Tegenwoordig worden zangers eerder internationaal geschoold, maar toch zijn er nog steeds Italiaans, Engels en Duits klinkende tenoren – niet noodzakelijkerwijs afkomstig uit of geschoold in die landen. Bij de Italiaanse tenor is de scholing erop gericht de hoge tonen zo briljant en krachtig mogelijk te maken. Zeer goed geschikt voor Verdi, maar minder voor Schubert. Bij Engelse tenoren gaat het er eerder om in oratoria coloraturen gemakkelijk en licht te zingen en daar kennen ze ook een lange counter-tenor-traditie. De klank van de stem wordt daar wat meer in de richting van het falset gestuurd, wat ten koste van de natuurlijkheid van de klank gaat. De klassieke Duitse tenor is zo geschoold, dat het onderste register net zo natuurlijk klinkt als het middenregister of het hoogste. Fritz Wunderlich is wel het beste voorbeeld. Om kort te gaan: Maximilian Schmitt is zo’n tenor. Hij is Wunderlich niet, maar hij komt veel dichter in de buurt van dit ideaal dan de meeste tegenwoordige tenoren.

Schmitt begon de Müllerin en dus Das Wandern energiek en met een zeer aangename stem. Je kon zien dat hij nerveus was, maar te horen was dat aanvankelijk niet. Het tweede das Wandern (resp. das Wasser, die Räder etc.) aan het einde van de strofen zong hij mooi zacht. Verder klonk dit eerste tamelijke lied tamelijk gewoon: de eerste vier strofen waren bijna gelijk, Die Steine (de molenstenen) bijvoorbeeld waren niet zwaar (bij Huber overigens wel) en de herhalingen aan het begin van de strofen waren vrijwel identiek. De laatste strofe echter was veel zachter en iets langzamer en daardoor sloot hij het eerste lied toch nog spannend af.

Wohin
sloot daarbij aan en was qua klank aanvankelijk erg mooi. De reprise echter‚ es singen wohl die Nixen‘, had wat spannender mogen zijn en daarna zong Schmitt ondanks het in de partituur staande pp tamelijk hard. Hier werd waarschijnlijk ook de nervositeit van Schmitt duidelijk, enkele noten bovenin de passagio zong hij harder dan nodig bijvoorbeeld. Ondanks dat was het vocaal erg mooi en in het minimaal  mf zingen van het pp staat Schmitt zeker niet alleen.
Voor het derde lied, Halt!, koos het duo een snel tempo. Huber maakte indruk door zijn snelle maar niettemin zeer gedetailleerde en lichtvoetige spel, maar ook Schmitt kon er zeer goed mee uit de voeten. Als snelle inleiding op het interessantere Danksagung an den Bach was het zeer geslaagd. Dat lied zong Schmitt heel goed, ook al was soms te horen dat hij nerveus was. Langzamerhand begon Schmitt ook steeds meer vertellend te zingen. Voor Am Feierabend kozen Schmitt en Huber weer een zeer snel tempo. Op zijn laatst bij Der Neugierige werd duidelijk dat dit een bijzondere Müllerin zou worden. Schmitt was nog steeds nerveus (en zou dat tot aan het einde van het concert blijven) maar zijn grote verdienste was, dat hij niet voor de veiligheid maar  voor de expressiviteit koos en risico’s nam. Daardoor vielen die kleine foutjes ook minder op en kwam de nadruk meer te liggen op de expressie, die uiteraard veel belangrijker is.
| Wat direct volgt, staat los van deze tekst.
subsection \<open>The constant \<open>c\<^sub>\<gamma>\<close>\<close>

lemma ln_fixed_point_gap_strict_decreasing:
  fixes g s t :: real
  assumes g: "1 < g" and "g \<le> s" "s < t"
  shows "g * ln t - t < g * ln s - s"
proof -
  have s: "0 < s"
    using assms by linarith
  have "ln (1 + (t / s - 1)) < t / s - 1"
    using assms s by (intro ln_add_one_self_less_self) simp
  then have "ln t - ln s < (t - s) / s"
    using assms s by (simp add: ln_div diff_divide_distrib)
  also have "\<dots> \<le> (t - s) / g"
    using assms by (intro divide_left_mono) auto
  finally show ?thesis
    using g by (simp add: field_simps)
qed

lemma ln_fixed_point_unique:
  fixes g s t :: real
  assumes g: "1 < g" and "g \<le> s" "g \<le> t" "g * ln s = s - 1" "g * ln t = t - 1"
  shows "s = t"
proof (cases s t rule: linorder_cases)
  case less
  then show ?thesis
    using ln_fixed_point_gap_strict_decreasing[OF g \<open>g \<le> s\<close> less] assms by simp
next
  case greater
  then show ?thesis
    using ln_fixed_point_gap_strict_decreasing[OF g \<open>g \<le> t\<close> greater] assms by simp
qed

lemma exists_ln_fixed_point:
  fixes g :: real
  assumes g: "1 < g"
  shows "\<exists>t>g. g * ln t = t - 1"
proof -
  define h where "h t = g * ln t - t + 1" for t
  define T where "T = (2 * g + 1)\<^sup>2"
  have "(g - 1) / (1 + (g - 1)) < ln (g - 1 + 1)"
    using g by (intro ln_add1_gt) simp
  then have hg: "0 < h g"
    using g by (simp add: h_def field_simps)
  have "ln (2 * g + 1) < 2 * g + 1"
    using g by simp
  have "ln T = 2 * ln (2 * g + 1)"
    using g by (simp add: T_def ln_realpow)
  also have "\<dots> < 2 * (2 * g + 1)"
    using \<open>ln (2 * g + 1) < 2 * g + 1\<close> by (rule mult_strict_left_mono) simp
  finally have hT: "h T < 0"
    using g mult_strict_left_mono[of "ln T" "2 * (2 * g + 1)" g]
    by (simp add: h_def T_def power2_eq_square algebra_simps)
  have "g \<le> T"
    using g by (simp add: T_def power2_eq_square algebra_simps)
  then have "\<exists>t\<ge>g. t \<le> T \<and> h t = 0"
    using hT hg g by (intro IVT2) (auto simp: h_def intro!: continuous_intros)
  then obtain t where "g \<le> t" "h t = 0"
    by blast
  moreover have "t \<noteq> g"
    using hg \<open>h t = 0\<close> by auto
  ultimately have "g < t" "g * ln t = t - 1"
    by (auto simp: h_def)
  then show ?thesis
    by blast
qed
Mooi debuut en nog mooiere verwachtingen

(Deutsche Version hier)

Maximilian Schmitt, foto: Christian Kargl

Ungeduld is een paradestuk voor tenoren vanwege de vele a’s. Hier werd ook de vocale perfectie van Schmitt het duidelijkst zichtbaar: in de klank van woorden die eerst in het middenregister en dan in het hoge register gezongen werden, was geen verschil te horen en dat is zeldzaam. (Schmitt vertelde me na het concert ook dat hij daar ook eindeloos met zijn Berlijnse lerares aan gewerkt had.)
Morgengruß had de zo belangrijke zachte f’s aan het einde en was qua klank erg mooi, hoewel wat meer verschil tussen de strofen de expressie nog versterkt zou hebben. ‚Wenn alles schweigt‘ was erg zacht en ook verder waren vele momenten waarop Schmitt zijn zacht hoge tonen gericht kon inzetten om de steeds romantischer, gevoeliger en zwakker wordende molenaarsgezel uit te beelden. Het einde van Tränenregen, waar die molenaarsdochter hem met zijn tranen aan de oever van de beek alleen laat, was ook erg geslaagd: duidelijk hoorbaar was dat zijn sentimentaliteit een beetje te veel werd voor de molenaarsdochter, maar ook dat ze dat jammer vond.
Eigenlijk gaat het vanaf hier mis. Niet met Schmitt en Huber, maar wel met de jonge molenaarsleerling. De molenaarsdochter heeft zich van hem afgewend en de jongeling verdraagt die krenking niet. Hij gaat zijn einde tegemoet, al is hem dat nog niet bewust.
In Mein! overschreeuwt de molenaarsleerling zijn twijfels.Vocaal doet Schmitt dat weer heel erg goed. In de derde strofe zingt hij iets nerveuzer maar niet harder dan in de ander strofen, wat overeenkomt met de dynamische tekens in de (piano-)noten. Pause is ook punt van stilstand in de gevoelsontwikkeling van de jongen: we balanceren hier eventjes tussen de meeslepende verliefdheid van het begin en het ongeluk van het eind van de cyclus. Zowel vocaal als qua stemming was dit lied weer heel erg goed. Vooral het tweede ‚das kein Klang auf Erden‘ was erg indrukwekkend.
Het dertiende lied is niet voor niets het dertiende: hier verschijnt het noodlot op het toneel, in de gedaante van de jager. De molenaar herkent de gevoelens van de molenaarsdochter aan haar voorliefde voor groen en wordt daar boos over. Mij was niet duidelijk waarom Schmitt de tweede strofe zo neutraal zong, ik had daar liever wat meer ironie gezien. Der Jäger zingt Schmitt niet overdreven snel. Toevallig had ik de middag voorafgaand aan het concert een gesprek met Robert Holl (interview volgt) en deze was van mening dat het lied vaak te snel gezongen wordt en in achtsten geteld, in plaats van in tweeën. Schmitt zong het dus niet te snel, maar had misschien meer in tweeën kunnen tellen. Het had wat meer uitdrukking kunnen hebben. Eifersucht und Stolz was weer zeer geslaagd, net zoals het daaropvolgende Die liebe Farbe, waarin hij de derde strofe veel zachter zong, wat erg mooi was en goed bij de tekst paste. Ook het tamelijk maar niet overdreven langzame tempo beviel me. Die böse Farbe was goed, ook al had de innerlijke tweestrijd wat duidelijker weergegeven kunnen worden.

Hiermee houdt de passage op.